(AIM OF THE TASK):
For the records below, give the number of lines in which "shows" appears, and add nothing else.
--- LISTED RECORDS Enclosed Below ---
lemma interface_chain_rule:
  assumes "1 \<le> n" "1 \<le> s" "v \<in> {0..1}"
    and F: "spline2 q s n (-1) (\<lambda>x. fst (F x))" "spline2 q s n (-1) (\<lambda>x. snd (F x))"
    and C1: "C1_grad \<Omega> \<phi> G" and image: "F ` rect (-1) \<subseteq> \<Omega>"
  shows "((\<lambda>v. \<phi> (F0 F v)) has_real_derivative G (F0 F v) \<bullet> DF0 F v) (at v within {0..1})"
proof -
  have "(0::real) \<in> {-1..-1+1}" by simp
  from spline2_slice[OF F(1) this] spline2_slice[OF F(2) this]
  have "spline1 q s n 0 (\<lambda>v. fst (F (0, v)))" "spline1 q s n 0 (\<lambda>v. snd (F (0, v)))" .
  then obtain D1 D2 where
    "((\<lambda>v. fst (F (0, v))) has_vector_derivative D1) (at v within {0..1})"
    "((\<lambda>v. snd (F (0, v))) has_vector_derivative D2) (at v within {0..1})"
    using spline1_has_derivative[OF _ assms(2,1)] assms(3)
    by (metis add_0 has_real_derivative_iff_has_vector_derivative)
  from has_vector_derivative_Pair[OF this]
  have DF: "(F0 F has_vector_derivative (D1, D2)) (at v within {0..1})"
    by (simp add: F0_def[abs_def])
  then have "DF0 F v = (D1, D2)"
    unfolding DF0_def using vector_derivative_within_closed_interval[of 0 1] assms(3) by simp
  have slice: "(0, t) \<in> rect (-1)" if "t \<in> {0..1}" for t using that unfolding rect_def by auto
  have "(\<phi> has_derivative (\<lambda>y. G (F0 F v) \<bullet> y)) (at (F0 F v) within \<Omega>)"
    using C1 image slice[OF assms(3)] unfolding C1_grad_def F0_def by blast
  then have "(\<phi> has_derivative (\<lambda>y. G (F0 F v) \<bullet> y)) (at (F0 F v) within F0 F ` {0..1})"
    by (rule has_derivative_subset) (use image slice in \<open>auto simp: F0_def\<close>)
  from vector_derivative_diff_chain_within[OF DF this] \<open>DF0 F v = (D1, D2)\<close> show ?thesis
    by (simp add: comp_def has_real_derivative_iff_has_vector_derivative)
qed

text \<open>Tested against any vector, the derivatives across the interface split along the
  transversal vector d and the tangent DF0; for the right patch this is where analysis-suitable
  G^1-continuity enters.\<close>
lemma AS_G1_transversal_decomposition:
  assumes G1: "AS_G1 FL FR aL aR bL bR" and v: "v \<in> {0..1}"
  shows "r \<bullet> Du (-1) FL (0, v) = poly aL v * (r \<bullet> dvec FL aL bL v) + poly bL v * (r \<bullet> DF0 FL v)"
    and "r \<bullet> Du 0 FR (0, v) = poly aR v * (r \<bullet> dvec FL aL bL v) + poly bR v * (r \<bullet> DF0 FL v)"
proof -
  have aL: "poly aL v \<noteq> 0" using G1 v unfolding AS_G1_def by force
  have "r \<bullet> dvec FL aL bL v = (r \<bullet> Du (-1) FL (0, v) - poly bL v * (r \<bullet> DF0 FL v)) / poly aL v"
    unfolding dvec_def by (simp add: inner_diff_right)
  with aL show left: "r \<bullet> Du (-1) FL (0, v) = poly aL v * (r \<bullet> dvec FL aL bL v) + poly bL v * (r \<bullet> DF0 FL v)"
    by (simp add: field_simps)
  have "poly aR v *\<^sub>R Du (-1) FL (0, v) - poly aL v *\<^sub>R Du 0 FR (0, v)
      = (poly aR v * poly bL v - poly aL v * poly bR v) *\<^sub>R DF0 FL v"
    using G1 v unfolding AS_G1_def by blast
  from arg_cong[OF this, of "inner r"]
  have "poly aR v * (r \<bullet> Du (-1) FL (0, v)) - poly aL v * (r \<bullet> Du 0 FR (0, v))
      = (poly aR v * poly bL v - poly aL v * poly bR v) * (r \<bullet> DF0 FL v)"
    by (simp add: inner_diff_right)
  then have "poly aL v * (r \<bullet> Du 0 FR (0, v))
      = poly aL v * (poly aR v * (r \<bullet> dvec FL aL bL v) + poly bR v * (r \<bullet> DF0 FL v))"
    unfolding left by (simp add: algebra_simps)
  with aL show "r \<bullet> Du 0 FR (0, v) = poly aR v * (r \<bullet> dvec FL aL bL v) + poly bR v * (r \<bullet> DF0 FL v)"
    by simp
qed

lemma trace_space_relations:
  assumes "1 \<le> n" "2 \<le> p"
    and patches: "patch p n (-1) FL" "patch p n 0 FR"
    and interface: "\<forall>v\<in>{0..1}. FL (0, v) = FR (0, v)"
    and G1: "AS_G1 FL FR aL aR bL bR"
    and trace: "(g0, g1) \<in> trace_space p n FL FR aL bL"
  obtains sL sR w where "spline1 p (p - 1) n 0 g0" "spline1 p (p - 1) n 0 sL" "spline1 p (p - 1) n 0 sR"
    "\<forall>v\<in>{0..1}. (g0 has_real_derivative w v) (at v within {0..1})"
    "\<forall>v\<in>{0..1}. sL v = poly aL v * g1 v + poly bL v * w v"
    "\<forall>v\<in>{0..1}. sR v = poly aR v * g1 v + poly bR v * w v"
proof -
  obtain \<phi> G where V: "Vsp p n FL FR \<phi>" and C1: "C1_grad (Omega FL FR) \<phi> G"
    and g0: "\<forall>v. g0 v = (if v \<in> {0..1} then \<phi> (F0 FL v) else 0)"
    and g1: "\<forall>v. g1 v = (if v \<in> {0..1} then G (F0 FL v) \<bullet> dvec FL aL bL v else 0)"
    using trace unfolding trace_space_def by blast
  have s: "1 \<le> p - 1" using assms(2) by simp
  have imageL: "FL ` rect (-1) \<subseteq> Omega FL FR" and imageR: "FR ` rect 0 \<subseteq> Omega FL FR"
    unfolding Omega_def by auto
  have FL: "spline2 p (p - 1) n (-1) (\<lambda>x. fst (FL x))" "spline2 p (p - 1) n (-1) (\<lambda>x. snd (FL x))"
    and FR: "spline2 p (p - 1) n 0 (\<lambda>x. fst (FR x))" "spline2 p (p - 1) n 0 (\<lambda>x. snd (FR x))"
    using patches unfolding patch_def by auto
  have \<phi>F: "spline2 p (p - 1) n (-1) (\<phi> \<circ> FL)" "spline2 p (p - 1) n 0 (\<phi> \<circ> FR)"
    using V unfolding Vsp_def by auto
  have interface_param: "(0::real) \<in> {-1..-1+1}" "(0::real) \<in> {0..0+1}" by simp_all
  obtain sL where sL: "spline1 p (p - 1) n 0 sL"
    "\<forall>v\<in>{0..1}. sL v = G (FL (0, v)) \<bullet> Du (-1) FL (0, v)"
    using patch_transversal_derivative_spline[OF assms(1) s interface_param(1) FL \<phi>F(1) C1 imageL] .
  obtain sR where sR: "spline1 p (p - 1) n 0 sR"
    "\<forall>v\<in>{0..1}. sR v = G (FR (0, v)) \<bullet> Du 0 FR (0, v)"
    using patch_transversal_derivative_spline[OF assms(1) s interface_param(2) FR \<phi>F(2) C1 imageR] .
  have "spline1 p (p - 1) n 0 (\<lambda>v. (\<phi> \<circ> FL) (0, v))"
    using spline2_slice[OF \<phi>F(1) interface_param(1)] .
  then have "spline1 p (p - 1) n 0 g0"
    by (rule spline1_cong) (use g0 in \<open>auto simp: F0_def\<close>)
  define w where "w v = G (F0 FL v) \<bullet> DF0 FL v" for v
  have "(g0 has_real_derivative w v) (at v within {0..1})" if v: "v \<in> {0..1}" for v
    unfolding w_def
    using interface_chain_rule[OF assms(1) s v FL C1 imageL] g0 v
    by (auto intro: has_field_derivative_transform_within[where d = 1])
  moreover have "sL v = poly aL v * g1 v + poly bL v * w v \<and> sR v = poly aR v * g1 v + poly bR v * w v"
    if v: "v \<in> {0..1}" for v
    using AS_G1_transversal_decomposition[OF G1 v, of "G (F0 FL v)"] g1 sL(2) sR(2) interface v
    unfolding w_def F0_def by auto
  ultimately show ?thesis using that \<open>spline1 p (p - 1) n 0 g0\<close> sL(1) sR(1) by blast
qed

lemma trace_value_two_piece_poly:
  assumes "1 \<le> n" "2 \<le> p"
    and patches: "patch p n (-1) FL" "patch p n 0 FR"
    and interface: "\<forall>v\<in>{0..1}. FL (0, v) = FR (0, v)"
    and G1: "AS_G1 FL FR aL aR bL bR"
    and trace: "(g, \<lambda>_. 0) \<in> trace_space p n FL FR aL bL"
    and weight: "\<beta> = bL \<or> \<beta> = bR"
    and K: "K < n" "\<forall>k. 0 < k \<and> k < n \<and> k \<noteq> K \<longrightarrow> poly \<beta> (real k / real n) \<noteq> 0"
  shows "two_piece_poly p (real K / real n) g"
proof -
  obtain sL sR w where sg: "spline1 p (p - 1) n 0 g"
    and s: "spline1 p (p - 1) n 0 sL" "spline1 p (p - 1) n 0 sR"
    and w: "\<forall>v\<in>{0..1}. (g has_real_derivative w v) (at v within {0..1})"
    and rel: "\<forall>v\<in>{0..1}. sL v = poly bL v * w v" "\<forall>v\<in>{0..1}. sR v = poly bR v * w v"
    using trace_space_relations[OF assms(1-2) patches interface G1 trace] by auto
  obtain s where "spline1 p (p - 1) n 0 s" "\<forall>v\<in>{0..1}. s v = poly \<beta> v * w v"
    using weight s rel by blast
  then obtain Q S where Q: "spline_pieces p (p - 1) n 0 g Q" and S: "spline_pieces p (p - 1) n 0 s S"
    and sw: "\<forall>v\<in>{0..1}. s v = poly \<beta> v * w v"
    using sg by (auto simp: spline1_iff_pieces)
  have "\<forall>k<n. S k = \<beta> * pderiv (Q k)"
    using spline_pieces_weighted_derivative[OF Q S _ w sw] by blast
  then have "\<forall>k. 0 < k \<and> k < n \<and> k \<noteq> K \<longrightarrow> Q (k - 1) = Q k"
    using spline_pieces_glue_where_weight_nonzero[OF _ Q S] assms(2) K(2) by auto
  from spline_pieces_two_pieces[OF assms(1) K(1) Q this]
  show ?thesis
    using trace Q K(1) unfolding two_piece_poly_def trace_space_def spline_pieces_def
    by (intro exI[of _ "Q 0"] exI[of _ "Q K"]) (auto simp: assms(1))
qed

lemma trace_derivative_polynomial:
  assumes "1 \<le> n" "2 \<le> p"
    and patches: "patch p n (-1) FL" "patch p n 0 FR"
    and interface: "\<forall>v\<in>{0..1}. FL (0, v) = FR (0, v)"
    and G1: "AS_G1 FL FR aL aR bL bR"
    and trace: "((\<lambda>_. 0), g) \<in> trace_space p n FL FR aL bL"
    and indep: "\<forall>c1 c2. smult c1 aL + smult c2 aR = 0 \<longrightarrow> c1 = 0 \<and> c2 = 0"
  obtains A where "degree A \<le> p - 1" "\<forall>v. g v = (if v \<in> {0..1} then poly A v else 0)"
proof -
  obtain sL sR w where s: "spline1 p (p - 1) n 0 sL" "spline1 p (p - 1) n 0 sR"
    and w: "\<forall>v\<in>{0..1}. ((\<lambda>_. 0) has_real_derivative w v) (at v within {0..1})"
    and rel: "\<forall>v\<in>{0..1}. sL v = poly aL v * g v + poly bL v * w v"
      "\<forall>v\<in>{0..1}. sR v = poly aR v * g v + poly bR v * w v"
    using trace_space_relations[OF assms(1-2) patches interface G1 trace] by metis
  have "w v = 0" if "v \<in> {0..1}" for v
    using has_real_derivative_unique_within_interval[of "\<lambda>_. 0" "w v" v 0 1 0] w that by auto
  with rel have rel': "\<forall>v\<in>{0..1}. sL v = poly aL v * g v \<and> sR v = poly aR v * g v" by simp
  have deg: "degree aL \<le> 1" "degree aR \<le> 1" using G1 unfolding AS_G1_def by auto
  obtain c1 c2 where c: "smult c1 aL + smult c2 aR = 1"
    by (rule independent_linear_polys_span[OF deg _ indep, where T = 1]) auto
  obtain d1 d2 where d: "smult d1 aL + smult d2 aR = [:0, 1:]"
    by (rule independent_linear_polys_span[OF deg _ indep, where T = "[:0, 1:]"]) auto
  have combs: "spline1 p (p - 1) n 0 (\<lambda>x. c1 * sL x + c2 * sR x)"
    "spline1 p (p - 1) n 0 (\<lambda>x. d1 * sL x + d2 * sR x)"
    using s by (simp_all add: spline1_add spline1_scale)
  have eqs: "c1 * sL x + c2 * sR x = g x" "d1 * sL x + d2 * sR x = x * g x" if "x \<in> {0..1}" for x
  proof -
    have "c1 * poly aL x + c2 * poly aR x = 1" "d1 * poly aL x + d2 * poly aR x = x"
      using arg_cong[OF c, of "\<lambda>P. poly P x"] arg_cong[OF d, of "\<lambda>P. poly P x"] by simp_all
    moreover have "c1 * sL x + c2 * sR x = (c1 * poly aL x + c2 * poly aR x) * g x"
      "d1 * sL x + d2 * sR x = (d1 * poly aL x + d2 * poly aR x) * g x"
      using rel' that by (simp_all add: algebra_simps)
    ultimately show "c1 * sL x + c2 * sR x = g x" "d1 * sL x + d2 * sR x = x * g x" by simp_all
  qed
  have "spline1 p (p - 1) n 0 g"
    by (rule spline1_cong[OF combs(1)]) (simp add: eqs(1))
  moreover have "spline1 p (p - 1) n 0 (\<lambda>x. x * g x)"
    by (rule spline1_cong[OF combs(2)]) (simp add: eqs(2))
  ultimately obtain A where "degree A \<le> p - 1" "\<forall>v\<in>{0..1}. g v = poly A v"
    using spline_polynomial_if_identity_times_spline assms(1) by blast
  with trace that show ?thesis unfolding trace_space_def by auto
qed

theorem theorem2:
  fixes p :: nat
  assumes "p \<ge> 2"
  shows "\<exists>C::nat. \<forall>(n::nat) FL FR aL aR bL bR G0 G1.
     n \<ge> 1 \<and>
     patch p n (-1) FL \<and> patch p n 0 FR \<and>
     interior (FL ` rect (-1)) \<inter> interior (FR ` rect 0) = {} \<and>
     (\<forall>v\<in>{0..1}. FL (0, v) = FR (0, v)) \<and>
     AS_G1 FL FR aL aR bL bR \<and>
     lin_space G0 \<and> lin_space G1 \<and>
     G0 \<times> G1 \<subseteq> trace_space p n FL FR aL bL
     \<longrightarrow> ((bL \<noteq> 0 \<or> bR \<noteq> 0) \<longrightarrow> dim_atmost G0 C) \<and>
         ((\<forall>c1 c2. smult c1 aL + smult c2 aR = 0 \<longrightarrow> c1 = 0 \<and> c2 = 0) \<longrightarrow> dim_atmost G1 C)"
proof (intro exI[of _ "2 * p + 2"] allI impI conjI)
  fix n FL FR aL aR bL bR G0 G1
  assume H: "n \<ge> 1 \<and>
     patch p n (-1) FL \<and> patch p n 0 FR \<and>
     interior (FL ` rect (-1)) \<inter> interior (FR ` rect 0) = {} \<and>
     (\<forall>v\<in>{0..1}. FL (0, v) = FR (0, v)) \<and>
     AS_G1 FL FR aL aR bL bR \<and>
     lin_space G0 \<and> lin_space G1 \<and>
     G0 \<times> G1 \<subseteq> trace_space p n FL FR aL bL"
  then have geometry: "1 \<le> n" "patch p n (-1) FL" "patch p n 0 FR"
      "\<forall>v\<in>{0..1}. FL (0, v) = FR (0, v)" "AS_G1 FL FR aL aR bL bR"
    by simp_all
  from H have traces: "(g0, g1) \<in> trace_space p n FL FR aL bL" if "g0 \<in> G0" "g1 \<in> G1" for g0 g1
    using that by blast
  from H have zero: "(\<lambda>_. 0) \<in> G0" "(\<lambda>_. 0) \<in> G1"
    unfolding lin_space_def by simp_all
  note trace_lemmas = trace_value_two_piece_poly[OF geometry(1) assms geometry(2-5)]
    trace_derivative_polynomial[OF geometry(1) assms geometry(2-5)]
  show "dim_atmost G0 (2 * p + 2)" if "bL \<noteq> 0 \<or> bR \<noteq> 0"
  proof -
    define \<beta> where "\<beta> = (if bL \<noteq> 0 then bL else bR)"
    have \<beta>: "\<beta> = bL \<or> \<beta> = bR" "\<beta> \<noteq> 0" using that unfolding \<beta>_def by auto
    then have "degree \<beta> \<le> 1" using geometry(5) unfolding AS_G1_def by auto
    then obtain K where K: "K < n" "\<forall>k. 0 < k \<and> k < n \<and> k \<noteq> K \<longrightarrow> poly \<beta> (real k / real n) \<noteq> 0"
      using knot_avoiding_roots[OF _ \<beta>(2) geometry(1)] by blast
    have "two_piece_poly p (real K / real n) g" if "g \<in> G0" for g
      using trace_lemmas(1)[OF traces[OF that zero(2)] \<beta>(1) K] .
    then show ?thesis by (intro dim_atmost_two_piece_poly) blast
  qed
  show "dim_atmost G1 (2 * p + 2)" if indep: "\<forall>c1 c2. smult c1 aL + smult c2 aR = 0 \<longrightarrow> c1 = 0 \<and> c2 = 0"
  proof -
    have "two_piece_poly p 0 g" if g: "g \<in> G1" for g
    proof -
      obtain A where "degree A \<le> p - 1" "\<forall>v. g v = (if v \<in> {0..1} then poly A v else 0)"
        using trace_lemmas(2)[OF traces[OF zero(1) g] indep] by blast
      then show ?thesis unfolding two_piece_poly_def by (intro exI[of _ A] conjI) auto
    qed
    then show ?thesis by (intro dim_atmost_two_piece_poly) blast
  qed
qed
--- End of Enclosed LISTED RECORDS ---
(RESULT FOR THIS TASK):
4